Ich danke für die Begeisterung für die Pathologie, insbesondere für die
Elektronenmikroskopie, die ich, als Klinikerin, stets durch ihn erfahren habe.
Ich bedanke mich sehr herzlich bei Herrn Prof. Dr. Stephan Neumann für die
Hilfestellung bei der Umsetzung dieser Dissertation, sowohl in fachlichen Fragen und
wissenschaftlichen Diskussionen als auch für die freundschaftliche Unterstützung.

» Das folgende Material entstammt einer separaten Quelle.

lemma spec_norm_attained:
  assumes "p > 1" "\<forall>k<r. n k \<ge> 1"
  obtains x where "x \<in> unit_tuples p r n" "cmod (pairing r n A x) = spec_norm r n p A"
proof -
  let ?V = "(\<lambda>x. cmod (pairing r n A x)) ` unit_tuples p r n"
  have "spec_norm r n p A \<in> closure ?V"
    unfolding spec_norm_eq_SUP
  proof (rule closure_contains_Sup)
    show "?V \<noteq> {}"
      using unit_tuples_nonempty assms by simp
    show "bdd_above ?V"
      by (rule bdd_above_norm_pairing[OF assms(1)])
  qed
  then obtain v where V: "\<forall>m. v m \<in> ?V" and v: "v \<longlonglongrightarrow> spec_norm r n p A"
    unfolding closure_sequential by blast
  have "\<forall>m. \<exists>x. x \<in> unit_tuples p r n \<and> v m = cmod (pairing r n A x)"
    using V by (auto simp: image_iff)
  then obtain X where X: "\<forall>m. X m \<in> unit_tuples p r n \<and> v m = cmod (pairing r n A (X m))"
    by (rule exE[OF choice])
  then have X_mem: "\<forall>m. X m \<in> unit_tuples p r n"
    by blast
  have "p > 0"
    using assms(1) by simp
  obtain \<sigma> x where \<sigma>: "strict_mono \<sigma>" and x: "x \<in> unit_tuples p r n"
    and lim: "\<forall>k<r. \<forall>j<n k. (\<lambda>m. X (\<sigma> m) k j) \<longlonglongrightarrow> x k j"
    by (rule unit_tuples_convergent_subsequence[OF \<open>p > 0\<close> X_mem])
  have "(\<lambda>m. cmod (pairing r n A (X (\<sigma> m)))) \<longlonglongrightarrow> cmod (pairing r n A x)"
    using lim by (intro tendsto_norm tendsto_pairing)
  moreover have "(\<lambda>m. cmod (pairing r n A (X (\<sigma> m)))) \<longlonglongrightarrow> spec_norm r n p A"
    using LIMSEQ_subseq_LIMSEQ[OF v \<sigma>] X by (simp add: o_def)
  ultimately have "cmod (pairing r n A x) = spec_norm r n p A"
    by (rule LIMSEQ_unique)
  then show ?thesis
    using that x by blast
qed

lemma entry_norm_rank_one:
  assumes "q > 0" "\<forall>i\<in>rindex r n. A i = (\<Prod>k<r. y k (i k))"
  shows "entry_norm r n q A = (\<Prod>k<r. vec_norm q (n k) (y k))"
proof -
  have "(\<Sum>i\<in>rindex r n. cmod (A i) powr q) = (\<Prod>k<r. \<Sum>j<n k. cmod (y k j) powr q)"
    using assms(2) sum_norm_powr_prod_rindex[where x = y and p = q] by (simp cong: sum.cong)
  then show ?thesis
    by (simp add: entry_norm_def vec_norm_def prod_powr_distrib)
qed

Danke an Frau Prof. Dr. Marion Hewicker-Trautwein für die Bereitschaft, das
Zweitgutachten zu erstellen.
Darüberhinaus danke ich den Mitarbeitern der Abteilung Medizinische Statistik der
Universität Göttingen, insbesondere Frau Dr. Katharina Lange, Herrn Simon
Schneider und Herrn Thomas Asendorf, für die statistische Auswertung meiner
Daten.
Ich danke allen Mitarbeitern der Kleintierklinik des Tierärztlichen Institutes bei der
Durchführung und Umsetzung dieses Vorhabens. Insbesondere danke ich Uta,
Wendy und Sonja für Ihren Zuspruch, ihre Hilfsbereitschaft und Freundschaft. Ganz
besonders möchte ich Almuth für ihre Ideen und die Unterstützung im Hinblick auf
die Dissertation danken, insbesondere für die Freundschaft, die Diskussionen und
wertvollen Gespräche in allen Lebenslagen über all die Jahre. Danke.
Danksagung 193
Die Abteilung Infektionspathologie des Deutschen Primatenzentrums mit all ihren
Mitarbeitern hat mich immer herzlich aufgenommen - ich danke Euch. Ich danke Dr.

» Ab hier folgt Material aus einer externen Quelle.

lemma cinner_self: "cinner u u = of_real ((norm u)\<^sup>2)"
  for u :: "complex^'n"
proof -
  have "cinner u u = of_real (\<Sum>i\<in>UNIV. (cmod (u$i))\<^sup>2)"
    by (simp add: cinner_def mult.commute flip: complex_norm_square)
  then show ?thesis
    by (simp add: norm_vec_def L2_set_def sum_nonneg)
qed

lemma cinner_commute: "cinner v u = cnj (cinner u v)"
  by (simp add: cinner_def mult.commute)

lemma cinner_add_right: "cinner u (v + w) = cinner u v + cinner u w"
  by (simp add: cinner_def distrib_left sum.distrib)

lemma cinner_add_left: "cinner (u + v) w = cinner u w + cinner v w"
  by (simp add: cinner_def distrib_right sum.distrib)

lemma cinner_scaleR_right: "cinner u (r *\<^sub>R v) = of_real r * cinner u v"
  unfolding cinner_def by (simp add: sum_distrib_left) (simp add: scaleR_conv_of_real mult_ac)

lemma cinner_scaleR_left: "cinner (r *\<^sub>R u) v = of_real r * cinner u v"
  unfolding cinner_def by (simp add: sum_distrib_left) (simp add: scaleR_conv_of_real mult_ac)

lemma cinner_adj_mult: "cinner u (adj A *v v) = cinner (A *v u) v"
  unfolding cinner_def adj_def matrix_vector_mult_def
  by (simp add: sum_distrib_left sum_distrib_right mult_ac) (rule sum.swap)

lemma outer_mult_vec: "outer u v *v w = cinner v w *s u"
  by (simp add: outer_def cinner_def matrix_vector_mult_def vec_eq_iff sum_distrib_left mult_ac)

lemma cinner_scalar_mult_right: "cinner u (c *s v) = c * cinner u v"
  by (simp add: cinner_def sum_distrib_left mult_ac)

lemma trace_outer: "trace (outer u v) = cinner v u"
  by (simp add: trace_def outer_def cinner_def mult.commute)

lemma trace_csmult: "trace (csmult c A) = c * trace A"
  by (simp add: trace_def csmult_def sum_distrib_left)

lemma adj_mat_1: "adj (mat 1) = mat 1"
  by (simp add: adj_def mat_def vec_eq_iff)

lemma norm_cvec_sq: "(norm u)\<^sup>2 = (cmod (u$0))\<^sup>2 + (cmod (u$1))\<^sup>2"
  for u :: cvec
  by (simp add: norm_vec_def L2_set_def sum_2)

lemma P1_trace: "p \<in> P1 \<Longrightarrow> trace p = 1"
  by (auto simp: P1_def trace_outer cinner_self)

lemma P1_hermitian: "p \<in> P1 \<Longrightarrow> p$1$0 = cnj (p$0$1)"
  by (auto simp: P1_def outer_def)

lemma P1_Re_offdiag_le: "p \<in> P1 \<Longrightarrow> Re (p$0$1) \<le> 1/2"
proof -
  assume "p \<in> P1"
  then obtain u :: cvec where p: "p = outer u u" and u: "norm u = 1"
    by (auto simp: P1_def)
  have "Re (p$0$1) \<le> cmod (u$0) * cmod (u$1)"
    using complex_Re_le_cmod[of "u$0 * cnj (u$1)"] by (simp add: p outer_def norm_mult)
  also have "\<dots> \<le> ((cmod (u$0))\<^sup>2 + (cmod (u$1))\<^sup>2) / 2"
    using sum_squares_bound[of "cmod (u$0)" "cmod (u$1)"] by simp
  also have "\<dots> = 1/2"
    using u by (simp flip: norm_cvec_sq)
  finally show ?thesis .
qed

lemma Uop_0: "Uop 0 = mat 1"
  by (simp add: Uop_def csmult_def vec_eq_iff mat_def)

lemma Phi_0_0: "Phi 0 0 X = X"
  by (simp add: Phi_def Uop_0 adj_mat_1)

lemma ptr2_kron: "ptr2 (kron A B) = csmult (trace B / 2) A"
  by (simp add: ptr2_def kron_def csmult_def trace_def vec_eq_iff sum_distrib_left mult.commute)

lemma EH_0_0_kron: "EH 0 0 (kron A B) = csmult (trace B / 2) A"
  by (simp add: EH_def Phi_0_0 ptr2_kron)

lemma Wop_sandwich_kron:
  "adj (Wop L e) ** kron p q ** Wop L e = csmult (cinner e (q *v e)) (adj L ** p ** L)"
  unfolding cmat_eq_iff
  by (simp add: adj_def Wop_def kron_def csmult_def cinner_def matrix_matrix_mult_def
      matrix_vector_mult_def sum_2 sum_2x2) algebra

lemma adj_Lp: "adj (Lp et) = Lp et" and adj_Lm: "adj (Lm et) = Lm et"
  by (simp_all add: cmat_eq_iff adj_def Lp_def Lm_def outer_def ket0_def ket1_def axis_def)

lemma EHO_kron: "EHO et ep em (kron p q) =
    csmult (cinner ep (q *v ep)) (Lp et ** p ** Lp et) + csmult (cinner em (q *v em)) (Lm et ** p ** Lm et)"
  by (simp add: EHO_def Wop_sandwich_kron adj_Lp adj_Lm)

definition dephase :: "real \<Rightarrow> cmat \<Rightarrow> cmat" where
  "dephase c p = (\<chi> k l. if k = l then p$k$l else of_real c * p$k$l)"

lemma trace_dephase: "trace (dephase c p) = trace p"
  by (simp add: trace_def dephase_def)

lemma EHO_kron_balanced:
  assumes "\<bar>et\<bar> \<le> 1" and "cinner ep (q *v ep) = 1/2" and "cinner em (q *v em) = 1/2"
  shows "EHO et ep em (kron p q) = dephase (sqrt (1 - et\<^sup>2)) p"
proof -
  define sp where "sp = complex_of_real (sqrt (1 + et))"
  define sm where "sm = complex_of_real (sqrt (1 - et))"
  have "sp * sp = 1 + of_real et" "sm * sm = 1 - of_real et"
    using assms(1) by (simp_all add: sp_def sm_def flip: of_real_mult)
  moreover have "sp * sm = of_real (sqrt (1 - et\<^sup>2))"
    by (simp add: sp_def sm_def power2_eq_square algebra_simps flip: of_real_mult real_sqrt_mult)
  moreover have "Lp et = (\<chi> k l. if k = l then (if k = 0 then sp else sm) else 0)"
    "Lm et = (\<chi> k l. if k = l then (if k = 0 then sm else sp) else 0)"
    by (simp_all add: cmat_eq_iff Lp_def Lm_def outer_def ket0_def ket1_def axis_def sp_def sm_def
        of_real_def)
  ultimately show ?thesis
    unfolding EHO_kron assms(2,3) cmat_eq_iff
    by (simp add: dephase_def csmult_def matrix_matrix_mult_def sum_2) algebra
qed

lemma chain_dephase:
  assumes balanced: "\<And>k. \<bar>et k\<bar> \<le> 1 \<and> cinner ep (q k *v ep) = 1/2 \<and> cinner em (q k *v em) = 1/2"
    and traces: "\<And>k. m \<le> k \<Longrightarrow> k \<le> m + r \<Longrightarrow> trace (ps k) = 1"
  shows "chain (\<lambda>_. 0) (\<lambda>_. 0) et ep em q ps r m
    = csmult ((1/2)^r) (dephase (sqrt (1 - (et m)\<^sup>2)) (ps m))"
  using traces
proof (induction r arbitrary: m)
  case 0
  then show ?case
    by (simp add: EH_0_0_kron EHO_kron_balanced balanced trace_I)
next
  case (Suc r)
  have "chain (\<lambda>_. 0) (\<lambda>_. 0) et ep em q ps r (Suc m)
      = csmult ((1/2)^r) (dephase (sqrt (1 - (et (Suc m))\<^sup>2)) (ps (Suc m)))"
    using Suc.prems by (intro Suc.IH) auto
  then have "trace (chain (\<lambda>_. 0) (\<lambda>_. 0) et ep em q ps r (Suc m)) = (1/2)^r"
    using Suc.prems by (simp add: trace_csmult trace_dephase)
  then show ?case
    by (simp add: EH_0_0_kron EHO_kron_balanced balanced csmult_def vec_eq_iff)
qed

definition vstate :: "complex^'n \<Rightarrow> complex^'n^'n \<Rightarrow> complex" where
  "vstate w A = cinner w (A *v w)"

lemma vstate_csmult: "vstate w (csmult c A) = c * vstate w A"
  by (simp add: vstate_def cinner_def csmult_def matrix_vector_mult_def sum_distrib_left mult_ac)

lemma vstate_add: "vstate w (A + B) = vstate w A + vstate w B"
  by (simp add: vstate_def matrix_vector_mult_add_rdistrib cinner_add_right)

lemma vstate_adj_mult_self: "vstate w (adj A ** A) = of_real ((norm (A *v w))\<^sup>2)"
  by (simp add: vstate_def cinner_adj_mult cinner_self flip: matrix_vector_mul_assoc)

lemma cstate_vstate: "norm w = 1 \<Longrightarrow> cstate (vstate w)"
  by (simp add: cstate_def vstate_add vstate_csmult vstate_adj_mult_self)
    (simp add: vstate_def cinner_self)

lemma norm_eq_1_iff_cinner: "norm u = 1 \<longleftrightarrow> cinner u u = 1"
  unfolding cinner_self of_real_eq_1_iff using power2_eq_iff_nonneg[of "norm u" 1] by simp

definition ket_diag :: cvec where
  "ket_diag = (\<chi> _. of_real (1 / sqrt 2))"

lemma ket_diag_mult: "ket_diag $ i * ket_diag $ j = 1/2"
  by (simp add: ket_diag_def flip: of_real_mult)

lemma cnj_ket_diag: "cnj (ket_diag $ i) = ket_diag $ i"
  by (simp add: ket_diag_def)

lemma norm_ket_diag: "norm ket_diag = 1"
  by (simp add: norm_eq_1_iff_cinner cinner_def sum_2 cnj_ket_diag ket_diag_mult)

lemma outer_ket_diag_offdiag: "outer ket_diag ket_diag $0$1 = 1/2"
  by (simp add: outer_def cnj_ket_diag ket_diag_mult)

lemma vstate_ket_diag_dephase:
  "vstate ket_diag (dephase c p) = (trace p + of_real c * (p$0$1 + p$1$0)) / 2"
  using ket_diag_mult[of 0 0] ket_diag_mult[of 0 1] ket_diag_mult[of 1 0] ket_diag_mult[of 1 1]
  by (simp add: vstate_def cinner_def matrix_vector_mult_def dephase_def trace_def sum_2 cnj_ket_diag)
    algebra

lemma Re_Fn_dephasing_model:
  assumes "\<bar>et\<bar> \<le> 1" and "cinner ep (q *v ep) = 1/2" and "cinner em (q *v em) = 1/2"
    and "\<forall>m\<le>n. ps m \<in> P1"
  shows "Re (Fn n (\<lambda>_. 0) (\<lambda>_. 0) (\<lambda>_. et) ep em (\<lambda>_. q) (vstate ket_diag) ps)
    = 1 / 2^(n+1) + sqrt (1 - et\<^sup>2) / 2^n * Re (ps 0 $0$1)"
proof -
  have "ps 0 \<in> P1"
    using assms(4) by simp
  moreover have "chain (\<lambda>_. 0) (\<lambda>_. 0) (\<lambda>_. et) ep em (\<lambda>_. q) ps n 0
      = csmult ((1/2)^n) (dephase (sqrt (1 - et\<^sup>2)) (ps 0))"
    using assms by (intro chain_dephase) (auto simp: P1_trace)
  ultimately show ?thesis
    by (simp add: Fn_def vstate_csmult vstate_ket_diag_dephase P1_trace P1_hermitian
        complex_add_cnj power_divide; simp add: field_simps)
qed

lemma balanced_projection_exists:
  assumes "norm ep = 1" and "norm em = 1" and "cinner ep em = 0"
  obtains q where "q \<in> P1" and "cinner ep (q *v ep) = 1/2" and "cinner em (q *v em) = 1/2"
proof -
  define r :: real where "r = 1 / sqrt 2"
  have half: "complex_of_real r * complex_of_real r = 1/2"
    by (simp add: r_def flip: of_real_mult)
  define v where "v = r *\<^sub>R (ep + em)"
  have "cinner ep ep = 1" "cinner em em = 1" "cinner em ep = 0"
    using assms by (simp_all add: cinner_self cinner_commute[of em])
  then have proj: "cinner ep v = of_real r" "cinner em v = of_real r"
    using assms(3) by (simp_all add: v_def cinner_scaleR_right cinner_add_right)
  have "cinner v v = of_real r * (cinner ep v + cinner em v)"
    by (subst (1) v_def) (simp add: cinner_scaleR_left cinner_add_left)
  also have "\<dots> = 2 * (of_real r * of_real r)"
    by (simp add: proj)
  finally have "norm v = 1"
    by (simp add: half norm_eq_1_iff_cinner)
  then have "outer v v \<in> P1"
    by (auto simp: P1_def)
  have expect: "cinner e (outer v v *v e) = cnj (cinner e v) * cinner e v" for e
    by (simp add: outer_mult_vec cinner_scalar_mult_right cinner_commute[of v])
  show ?thesis
    using \<open>outer v v \<in> P1\<close>
    by (rule that) (simp_all only: expect proj half complex_cnj_complex_of_real)
qed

Martina Zöller für die wertvollen Hinweise zur Lichtmikroskopie und der
fotografischen Erfasssung der histologischen Befunde. Frau PD Dr. Martina
Schlumbohm für Ratschläge und Ideen hinsichtlich der Statistik dieser Arbeit und
Frau Stephanie Heiduck für die Hilfe bei der Beschaffung sehr ausgefallener
Literaturquellen. Besonders möchte ich Frau Nadine Schminke meinen Dank
aussprechen, die mit fachkundigem Rat und großem Engagement an der Umsetzung
dieses Projektes beteiligt war. Ebenso geht ein großes Dankeschön an Frau Kaiser-
Jarry für ihre Hilfe bei der Umsetzung der Arbeit. Ich werde sie in wertvoller
Erinnerung behalten. Ebenfalls danke ich sehr herzlich Anne Gereke für die
abschließende sorgfältige Durchsicht der Dissertation.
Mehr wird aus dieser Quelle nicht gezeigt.